In Django ManyToMany are bi-directional by default. The think is that you only have to define it on one model, not on both (and usually you don't need to give a name to the table):
class Model1(models.Model):
othermodels = ManyToManyField('Model2')
class Model2(models.model):
...
That's it. Now syncdb will be happy. For more info: Django docs
The only drawback is, if you use the admin, you will have access to othermodels only in Model1.
Edit
So, if you want to have access to the ManyToMany in both models in the Admin, currently the official solution is to use inlinemodel for the second model. I had also this same problem/need just a few days ago. And I was not really satisfied with the inlinemodel solution (heavy in DB queries if you have a lot of entries, cannot use the *filter_horizontal* widget, etc.).

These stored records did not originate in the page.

(* For any $n\times n$ completely positive semidefinite matrix $X$ and any $m\times m$ completely positive semidefinite matrix $Y$, the block-diagonal matrix $X\oplus Y=\begin{pmatrix}X&0\\0&Y\end{pmatrix}$ is completely positive semidefinite and $$\mathrm{cpsd}\text{-}\mathrm{rank}(X\oplus Y)=\mathrm{cpsd}\text{-}\mathrm{rank}(X)+\mathrm{cpsd}\text{-}\mathrm{rank}(Y).$$
   Context: An $n\times n$ matrix $X$ is completely positive semidefinite (cpsd) if there exist $d\ge1$ and Hermitian positive semidefinite $d\times d$ matrices $P_1,\dots,P_n$ with $X_{ij}=\mathrm{Tr}(P_iP_j)$ for all $i,j$; the cpsd-rank of $X$ is the least such $d$. *)

theory Defs
  imports "Jordan_Normal_Form.Matrix"
begin

definition hermitian_mat :: "complex mat \<Rightarrow> bool" where
  "hermitian_mat P \<longleftrightarrow> dim_row P = dim_col P \<and>
     (\<forall>i < dim_row P. \<forall>j < dim_row P. P $$ (i, j) = cnj (P $$ (j, i)))"

definition psd_mat :: "complex mat \<Rightarrow> bool" where
  "psd_mat P \<longleftrightarrow> hermitian_mat P \<and>
     (\<forall>v \<in> carrier_vec (dim_row P).
        0 \<le> Re (\<Sum>i < dim_row P. \<Sum>j < dim_row P. cnj (v $ i) * P $$ (i, j) * v $ j))"

definition mat_trace :: "'a :: comm_ring_1 mat \<Rightarrow> 'a" where
  "mat_trace A = (\<Sum>i < dim_row A. A $$ (i, i))"

definition cpsd_factorizable :: "nat \<Rightarrow> real mat \<Rightarrow> bool" where
  "cpsd_factorizable d X \<longleftrightarrow>
     (\<exists>P :: nat \<Rightarrow> complex mat.
        (\<forall>i < dim_row X. P i \<in> carrier_mat d d \<and> psd_mat (P i)) \<and>
        (\<forall>i < dim_row X. \<forall>j < dim_row X.
            complex_of_real (X $$ (i, j)) = mat_trace (P i * P j)))"

definition cpsd :: "real mat \<Rightarrow> bool" where
  "cpsd X \<longleftrightarrow> dim_row X = dim_col X \<and> (\<exists>d \<ge> 1. cpsd_factorizable d X)"

definition cpsd_rank :: "real mat \<Rightarrow> nat" where
  "cpsd_rank X = (LEAST d. d \<ge> 1 \<and> cpsd_factorizable d X)"

end

theory Submission
  imports Defs "Jordan_Normal_Form.Spectral_Radius" "Jordan_Normal_Form.Schur_Decomposition"
begin

text \<open>
  Gluing a factorization of \<open>X\<close> by \<open>a \<times> a\<close> matrices and one of \<open>Y\<close> by \<open>b \<times> b\<close> matrices
  along complementary coordinate blocks of \<open>\<complex>\<^sup>a\<^sup>+\<^sup>b\<close> factorizes \<open>X \<oplus> Y\<close>, so the rank is
  subadditive. Conversely, let \<open>R\<^sub>1, \<dots>, R\<^sub>n\<^sub>+\<^sub>m\<close> be \<open>d \<times> d\<close> psd matrices factorizing
  \<open>X \<oplus> Y\<close>. The zero off-diagonal blocks say \<open>Tr (R\<^sub>i R\<^sub>n\<^sub>+\<^sub>j) = 0\<close>, hence
  \<open>Tr (S R\<^sub>n\<^sub>+\<^sub>j) = 0\<close> for \<open>S = R\<^sub>1 + \<dots> + R\<^sub>n\<close>. In a unitary basis diagonalizing \<open>S\<close>, the
  diagonals of all \<open>R\<^sub>i\<close> (\<open>i \<le> n\<close>) vanish outside the set \<open>K\<close> of coordinates where \<open>S\<close> has a
  nonzero diagonal entry, and those of all \<open>R\<^sub>n\<^sub>+\<^sub>j\<close> vanish on \<open>K\<close>. A psd matrix with a zero
  diagonal entry vanishes on that row and column, so the two families live on \<open>K\<close> and on its
  complement, and restricting to these coordinates factorizes \<open>X\<close> and \<open>Y\<close> with sizes adding
  up to \<open>d\<close>. Both sizes are positive because \<open>X\<close> and \<open>Y\<close> are nonzero.
\<close>

section \<open>Adjoints, Hermitian and positive semidefinite matrices\<close>

lemma mat_adjoint_dim [simp]:
  "dim_row (mat_adjoint A) = dim_col A" "dim_col (mat_adjoint A) = dim_row A"
  by (simp_all add: mat_adjoint_def)

lemma mat_adjoint_carrier [simp]: "A \<in> carrier_mat r c \<Longrightarrow> mat_adjoint A \<in> carrier_mat c r"
  by auto

lemma index_mat_adjoint [simp]:
  "i < dim_col A \<Longrightarrow> j < dim_row A \<Longrightarrow> mat_adjoint (A :: complex mat) $$ (i, j) = cnj (A $$ (j, i))"
  by (simp add: mat_adjoint_def mat_of_rows_index)

lemma row_mat_adjoint:
  "i < dim_col A \<Longrightarrow> row (mat_adjoint (A :: complex mat)) i = conjugate (col A i)"
  by (simp add: mat_adjoint_def)

lemma mat_adjoint_adjoint [simp]: "mat_adjoint (mat_adjoint (A :: complex mat)) = A"
  by (rule eq_matI) auto

lemma mat_adjoint_one [simp]: "mat_adjoint (1\<^sub>m n :: complex mat) = 1\<^sub>m n"
  by (rule eq_matI) auto

lemma mat_adjoint_mult:
  fixes A B :: "complex mat"
  assumes "A \<in> carrier_mat r k" "B \<in> carrier_mat k c"
  shows "mat_adjoint (A * B) = mat_adjoint B * mat_adjoint A"
  using assms by (intro eq_matI) (auto simp: scalar_prod_def cnj_sum mult.commute)
(* Let B(t) be the hyperbolic rotation boost phi t. Then M_A^2 = -1, M_A B(t) = B(-t) M_A and
   M_B = M_A B(vphi), so every product M_1...M_n equals +-W(k) with W(k) = B(floor(k/2) vphi) M_A^(k mod 2),
   where the index k moves by k -> 1 - k under M_A and by k -> -1 - k under M_B. Up to sign changes this
   is a simple random walk, so |k| has the law of |S_n|.
   The entry difference alpha - beta of W(k) is P e^s + R e^-s with |s| = |vphi| |k| / 2 + O(1), and P, R
   are nonzero precisely because sin^2 phi ~= 1; hence log |alpha_n - beta_n| = |vphi| |k| / 2 + O(1).
   Finally E|S_n| = n binom(2m, m) / 4^m with m = floor(n/2), which by Wallis' product is ~ sqrt(2n/pi);
   so g = |vphi| / sqrt(2 pi). *)

section \<open>Products of the driving matrices\<close>

lemma mat2_nth [simp]:
  "mat2 a b c d $ 1 $ 1 = a" "mat2 a b c d $ 1 $ 2 = b"
  "mat2 a b c d $ 2 $ 1 = c" "mat2 a b c d $ 2 $ 2 = d"
  by (simp_all add: mat2_def)

lemma mat2_mult:
  "mat2 a b c d ** mat2 a' b' c' d' = mat2 (a*a' + b*c') (a*b' + b*d') (c*a' + d*c') (c*b' + d*d')"
  by (simp add: mat2_def matrix_matrix_mult_def vec_eq_iff forall_2 sum_2)

lemma mat2_eq_iff:
  "mat2 a b c d = mat2 a' b' c' d' \<longleftrightarrow> a = a' \<and> b = b' \<and> c = c' \<and> d = d'"
  by (auto simp: mat2_def vec_eq_iff forall_2)

lemma mat1_eq_mat2: "mat 1 = mat2 1 0 0 1"
  by (simp add: mat2_def mat_def vec_eq_iff forall_2)

lemma uminus_mat2: "- mat2 a b c d = mat2 (-a) (-b) (-c) (-d)"
  by (simp add: mat2_def vec_eq_iff forall_2)

lemma matrix_mul_minus_right: "(A :: 'a::ring_1 ^ 'n ^ 'm) ** - B = - (A ** B)"
  by (simp add: matrix_matrix_mult_def vec_eq_iff sum_negf)

definition boost :: "real \<Rightarrow> real \<Rightarrow> complex^2^2" where
  "boost phi t = mat2 (of_real (cosh t)) (\<i> * cis phi * of_real (sinh t))
     (- \<i> * cis (- phi) * of_real (sinh t)) (of_real (cosh t))"

lemma of_real_cosh_square: "complex_of_real (cosh t) * cosh t = 1 + complex_of_real (sinh t) * sinh t"
proof -
  have "cosh t * cosh t = 1 + sinh t * sinh t"
    using cosh_square_eq[of t] by (simp add: power2_eq_square)
  then show ?thesis
    by (metis of_real_1 of_real_add of_real_mult)
qed

lemma cis_mult_cis_neg:
  "cis phi * cis (- phi) = 1" "cis (- phi) * cis phi = 1" "cis phi * (cis (- phi) * z) = z"
  by (simp_all add: cis_mult flip: mult.assoc)

lemma boost_add: "boost phi s ** boost phi t = boost phi (s + t)"
  unfolding boost_def mat2_mult mat2_eq_iff
  by (auto simp: algebra_simps cis_mult_cis_neg cosh_add sinh_add)

lemma MA_squared: "MA vphi phi ** MA vphi phi = - mat 1"
  unfolding MA_def mat2_mult mat1_eq_mat2 uminus_mat2 mat2_eq_iff
  by (auto simp: algebra_simps of_real_cosh_square cis_mult_cis_neg)

lemma MB_eq_MA_boost: "MB = MA vphi phi ** boost phi vphi"
  unfolding MA_def MB_def boost_def mat2_mult mat2_eq_iff
  by (auto simp: algebra_simps of_real_cosh_square cis_mult_cis_neg)

lemma MA_boost: "MA vphi phi ** boost phi t = boost phi (- t) ** MA vphi phi"
  unfolding MA_def boost_def mat2_mult mat2_eq_iff
  by (auto simp: algebra_simps cis_mult_cis_neg)

fun walk :: "bool list \<Rightarrow> int" where
  "walk [] = 0"
| "walk (b # xs) = (if b then 1 else -1) - walk xs"

definition walk_mat :: "real \<Rightarrow> real \<Rightarrow> int \<Rightarrow> complex^2^2" where
  "walk_mat vphi phi k =
     boost phi (of_int (k div 2) * vphi) ** (if even k then mat 1 else MA vphi phi)"

lemma boost_walk_mat: "boost phi vphi ** walk_mat vphi phi k = walk_mat vphi phi (k + 2)"
  by (simp add: walk_mat_def matrix_mul_assoc boost_add algebra_simps)

lemma MA_walk_mat:
  "MA vphi phi ** walk_mat vphi phi k = walk_mat vphi phi (1 - k)
   \<or> MA vphi phi ** walk_mat vphi phi k = - walk_mat vphi phi (1 - k)"
proof (cases "even k")
  case True
  then have "(1 - k) div 2 = - (k div 2)" "odd (1 - k)" by presburger+
  with True show ?thesis
    by (simp add: walk_mat_def MA_boost)
next
  case False
  then have "(1 - k) div 2 = - (k div 2)" "even (1 - k)" by presburger+
  have "MA vphi phi ** walk_mat vphi phi k
        = boost phi (- (of_int (k div 2) * vphi)) ** (MA vphi phi ** MA vphi phi)"
    using False by (simp add: walk_mat_def matrix_mul_assoc MA_boost)
  also have "\<dots> = - walk_mat vphi phi (1 - k)"
    using \<open>(1 - k) div 2 = - (k div 2)\<close> \<open>even (1 - k)\<close>
    by (simp add: walk_mat_def MA_squared matrix_mul_minus_right)
  finally show ?thesis ..
qed

lemma MB_walk_mat:
  "MB ** walk_mat vphi phi k = walk_mat vphi phi (-1 - k)
   \<or> MB ** walk_mat vphi phi k = - walk_mat vphi phi (-1 - k)"
proof -
  have "MB ** walk_mat vphi phi k = MA vphi phi ** walk_mat vphi phi (k + 2)"
    by (simp add: MB_eq_MA_boost[of vphi phi] boost_walk_mat flip: matrix_mul_assoc)
  then show ?thesis
    using MA_walk_mat[of vphi phi "k + 2"] by (simp add: algebra_simps)
qed

lemma prodM_walk_mat:
  "prodM vphi phi xs = walk_mat vphi phi (walk xs) \<or> prodM vphi phi xs = - walk_mat vphi phi (walk xs)"
proof (induction xs)
  case Nil
  show ?case by (simp add: prodM_def walk_mat_def boost_def flip: mat1_eq_mat2)
next
  case (Cons b xs)
  have "prodM vphi phi (b # xs) = (if b then MA vphi phi else MB) ** prodM vphi phi xs"
    by (simp add: prodM_def)
  with Cons.IH MA_walk_mat[of vphi phi "walk xs"] MB_walk_mat[of vphi phi "walk xs"]
  show ?case by (auto simp: matrix_mul_minus_right)
qed

section \<open>Growth of the entry difference\<close>

lemma cosh_minus_i_cis_sinh:
  "complex_of_real (cosh t) - \<i> * cis phi * of_real (sinh t)
   = (1 - \<i> * cis phi) / 2 * of_real (exp t) + (1 + \<i> * cis phi) / 2 * of_real (exp (- t))"
  by (simp add: cosh_def sinh_def field_simps)

definition walk_exponent :: "real \<Rightarrow> int \<Rightarrow> real" where
  "walk_exponent vphi k = (if even k then 1 else -1) * (of_int ((k + 1) div 2) * vphi)"

(* For odd k the entry difference is i times the even-type combination taken at -t;
   hence the alternating sign in walk_exponent. *)

lemma norm_walk_mat_entry_diff:
  "cmod (walk_mat vphi phi k $ 1 $ 1 - walk_mat vphi phi k $ 1 $ 2)
   = cmod ((1 - \<i> * cis phi) / 2 * of_real (exp (walk_exponent vphi k))
           + (1 + \<i> * cis phi) / 2 * of_real (exp (- walk_exponent vphi k)))"
proof (cases "even k")
  case True
  then have "(k + 1) div 2 = k div 2" by presburger
  with True show ?thesis
    by (simp add: walk_exponent_def walk_mat_def boost_def cosh_minus_i_cis_sinh flip: mat1_eq_mat2)
next
  case False
  define t where "t = of_int ((k + 1) div 2) * vphi"
  have "(k + 1) div 2 = k div 2 + 1"
    using False by presburger
  then have t: "t = of_int (k div 2) * vphi + vphi"
    by (simp add: t_def algebra_simps)
  have "walk_mat vphi phi k $ 1 $ 1 - walk_mat vphi phi k $ 1 $ 2
        = \<i> * of_real (cosh t) - cis phi * of_real (sinh t)"
    using False unfolding t
    by (simp add: walk_mat_def boost_def MA_def mat2_mult algebra_simps cis_mult_cis_neg
        cosh_add sinh_add)
  also have "\<dots> = \<i> * (of_real (cosh (- t)) - \<i> * cis phi * of_real (sinh (- t)))"
    by (simp add: algebra_simps)
  also have "\<dots> = \<i> * ((1 - \<i> * cis phi) / 2 * of_real (exp (- t))
        + (1 + \<i> * cis phi) / 2 * of_real (exp (- (- t))))"
    by (simp only: cosh_minus_i_cis_sinh)
  finally show ?thesis
    using False by (simp add: walk_exponent_def t_def norm_mult)
qed

lemma norm_prodM_entry_diff:
  "cmod (prodM vphi phi xs $ 1 $ 1 - prodM vphi phi xs $ 1 $ 2)
   = cmod (walk_mat vphi phi (walk xs) $ 1 $ 1 - walk_mat vphi phi (walk xs) $ 1 $ 2)"
  using prodM_walk_mat[of vphi phi xs] by (auto simp: norm_minus_commute)

lemma tendsto_ln_norm_exp_comb:
  fixes P R :: complex
  assumes "P \<noteq> 0"
  shows "((\<lambda>t. ln (cmod (P * of_real (exp t) + R * of_real (exp (- t)))) - t)
           \<longlongrightarrow> ln (cmod P)) at_top"
proof -
  have decay: "((\<lambda>t::real. exp (- 2 * t)) \<longlongrightarrow> 0) at_top"
    by real_asymp
  have lim: "((\<lambda>t. cmod (P + R * of_real (exp (- 2 * t)))) \<longlongrightarrow> cmod P) at_top"
    using tendsto_norm[OF tendsto_add[OF tendsto_const tendsto_mult[OF tendsto_const
          tendsto_of_real[OF decay, where 'a = complex]]], of P R]
    by simp
  have "\<forall>\<^sub>F t in at_top. 0 < cmod (P + R * of_real (exp (- 2 * t)))"
    using order_tendstoD(1)[OF lim, of 0] assms by simp
  then have eq: "\<forall>\<^sub>F t in at_top. ln (cmod (P + R * of_real (exp (- 2 * t))))
                                 = ln (cmod (P * of_real (exp t) + R * of_real (exp (- t)))) - t"
  proof eventually_elim
    case (elim t)
    have "P * of_real (exp t) + R * of_real (exp (- t)) = of_real (exp t) * (P + R * of_real (exp (- 2 * t)))"
      by (simp add: algebra_simps flip: exp_add of_real_mult)
    with elim show ?case
      by (simp add: norm_mult ln_mult)
  qed
  have "((\<lambda>t. ln (cmod (P + R * of_real (exp (- 2 * t))))) \<longlongrightarrow> ln (cmod P)) at_top"
    using assms by (intro tendsto_ln lim) simp
  from this eq show ?thesis
    by (rule Lim_transform_eventually)
qed

lemma ln_norm_exp_comb_bounded:
  fixes P R :: complex
  assumes "P \<noteq> 0" "R \<noteq> 0"
  obtains K T where
    "\<And>t. T \<le> \<bar>t\<bar> \<Longrightarrow> \<bar>ln (cmod (P * of_real (exp t) + R * of_real (exp (- t)))) - \<bar>t\<bar>\<bar> \<le> K"
proof -
  have near: "\<exists>T. \<forall>t\<ge>T. \<bar>ln (cmod (A * of_real (exp t) + B * of_real (exp (- t)))) - t\<bar>
                            \<le> \<bar>ln (cmod A)\<bar> + 1"
    if "A \<noteq> 0" for A B :: complex
  proof -
    have "\<forall>\<^sub>F t in at_top.
            dist (ln (cmod (A * of_real (exp t) + B * of_real (exp (- t)))) - t) (ln (cmod A)) < 1"
      using tendstoD[OF tendsto_ln_norm_exp_comb[OF that]] by simp
    then show ?thesis
      unfolding eventually_at_top_linorder dist_real_def by (auto elim!: ex_forward)
  qed
  obtain T1 where T1: "\<And>t. t \<ge> T1 \<Longrightarrow> \<bar>ln (cmod (P * of_real (exp t) + R * of_real (exp (- t)))) - t\<bar>
                                          \<le> \<bar>ln (cmod P)\<bar> + 1"
    using near[OF assms(1)] by blast
  obtain T2 where T2: "\<And>t. t \<ge> T2 \<Longrightarrow> \<bar>ln (cmod (R * of_real (exp t) + P * of_real (exp (- t)))) - t\<bar>
                                          \<le> \<bar>ln (cmod R)\<bar> + 1"
    using near[OF assms(2)] by blast
  show ?thesis
  proof
    fix t :: real
    assume "max T1 T2 \<le> \<bar>t\<bar>"
    then consider "t \<ge> T1" "t \<ge> 0" | "- t \<ge> T2" "t < 0" by linarith
    then show "\<bar>ln (cmod (P * of_real (exp t) + R * of_real (exp (- t)))) - \<bar>t\<bar>\<bar>
               \<le> max (\<bar>ln (cmod P)\<bar> + 1) (\<bar>ln (cmod R)\<bar> + 1)"
    proof cases
      case 1
      then show ?thesis using T1[of t] by simp
    next
      case 2
      then show ?thesis using T2[of "- t"] by (simp add: add.commute)
    qed
  qed
qed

The solution I found (that's working with Django 1.2+ and syncdb) is this:
class Model1(models.Model):
othermodels = models.ManyToManyField('Model2', through='Model1Model2')
class Model2(models.Model):
othermodels = models.ManyToManyField('Model1', through='Model1Model2')
class Model1Model2(models.Model):
model1 = models.ForeignKey(Model1)
model2 = models.ForeignKey(Model2)
class Meta:
db_table = 'app_model1_model2'
auto_created = Model1
See ticket 897 for more info.
Unfortunately, if you're using South you will have to remove the creation of the app_model1_model2 table in every migration file created automatically.